(Exercise inputs)

text \<open>
  Let \<open>G\<close> be the direct sum of the groups \<open>\<int>/2^(j+1)\<close>, \<open>j \<in> \<nat>\<close>, with the group topology in
  which the subgroups \<open>2^n G\<close> form a neighbourhood base of \<open>0\<close>. An element \<open>y\<close> lies in
  \<open>x + 2^n G\<close> iff all entries of \<open>x\<close> and \<open>y\<close> agree modulo \<open>2^n\<close>, so the topology is induced by
  the truncation maps into a countable product of discrete spaces; hence \<open>G\<close> is metrizable, and it
  is separable because it is countable. Every automorphism \<open>f\<close> satisfies \<open>f(2^n G) = 2^n G\<close> and
  therefore maps basic neighbourhoods onto basic neighbourhoods: it is open.

  The elements of order two form a closed subgroup \<open>H\<close>, the direct sum of copies of \<open>\<int>/2\<close>, and
  \<open>H \<inter> 2^n G\<close> consists of the elements of \<open>H\<close> supported in \<open>[n, \<infinity>)\<close>, so \<open>H\<close> carries the
  precompact product topology. The automorphism \<open>(x\<^sub>j) \<mapsto> (x\<^sub>j + x\<^sub>j\<^sub>+\<^sub>1)\<close> of \<open>H\<close> is continuous
  but not open: the only preimage of the indicator of \<open>{n}\<close>, which tends to \<open>0\<close>, is the indicator
  of \<open>{0, \<dots>, n}\<close>, which lies outside the neighbourhood \<open>{x. x\<^sub>0 = 0}\<close> of \<open>0\<close>.

  An injection of \<open>G\<close> into \<open>\<real>\<close> transports the whole configuration to the reals.
\<close>

section \<open>Topological isomorphisms and transport of structure\<close>

definition topological_group_isomorphisms ::
    "('a, 'c) monoid_scheme \<Rightarrow> 'a topology \<Rightarrow> ('b, 'd) monoid_scheme \<Rightarrow> 'b topology \<Rightarrow>
     ('a \<Rightarrow> 'b) \<Rightarrow> ('b \<Rightarrow> 'a) \<Rightarrow> bool" where
  "topological_group_isomorphisms G T G' T' f g \<longleftrightarrow>
     group_isomorphisms G G' f g \<and> homeomorphic_maps T T' f g"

(End Exercise inputs)

> **Aim of the exercise**: Restate the records, all of them, precisely as written.

> **Result below**:
text \<open>
  Let \<open>G\<close> be the direct sum of the groups \<open>\<int>/2^(j+1)\<close>, \<open>j \<in> \<nat>\<close>, with the group topology in
  which the subgroups \<open>2^n G\<close> form a neighbourhood base of \<open>0\<close>. An element \<open>y\<close> lies in
  \<open>x + 2^n G\<close> iff all entries of \<open>x\<close> and \<open>y\<close> agree modulo \<open>2^n\<close>, so the topology is induced by
  the truncation maps into a countable product of discrete spaces; hence \<open>G\<close> is metrizable, and it
  is separable because it is countable. Every automorphism \<open>f\<close> satisfies \<open>f(2^n G) = 2^n G\<close> and
  therefore maps basic neighbourhoods onto basic neighbourhoods: it is open.

  The elements of order two form a closed subgroup \<open>H\<close>, the direct sum of copies of \<open>\<int>/2\<close>, and
  \<open>H \<inter> 2^n G\<close> consists of the elements of \<open>H\<close> supported in \<open>[n, \<infinity>)\<close>, so \<open>H\<close> carries the
  precompact product topology. The automorphism \<open>(x\<^sub>j) \<mapsto> (x\<^sub>j + x\<^sub>j\<^sub>+\<^sub>1)\<close> of \<open>H\<close> is continuous
  but not open: the only preimage of the indicator of \<open>{n}\<close>, which tends to \<open>0\<close>, is the indicator
  of \<open>{0, \<dots>, n}\<close>, which lies outside the neighbourhood \<open>{x. x\<^sub>0 = 0}\<close> of \<open>0\<close>.

  An injection of \<open>G\<close> into \<open>\<real>\<close> transports the whole configuration to the reals.
\<close>

section \<open>Topological isomorphisms and transport of structure\<close>

definition topological_group_isomorphisms ::
    "('a, 'c) monoid_scheme \<Rightarrow> 'a topology \<Rightarrow> ('b, 'd) monoid_scheme \<Rightarrow> 'b topology \<Rightarrow>
     ('a \<Rightarrow> 'b) \<Rightarrow> ('b \<Rightarrow> 'a) \<Rightarrow> bool" where
  "topological_group_isomorphisms G T G' T' f g \<longleftrightarrow>
     group_isomorphisms G G' f g \<and> homeomorphic_maps T T' f g"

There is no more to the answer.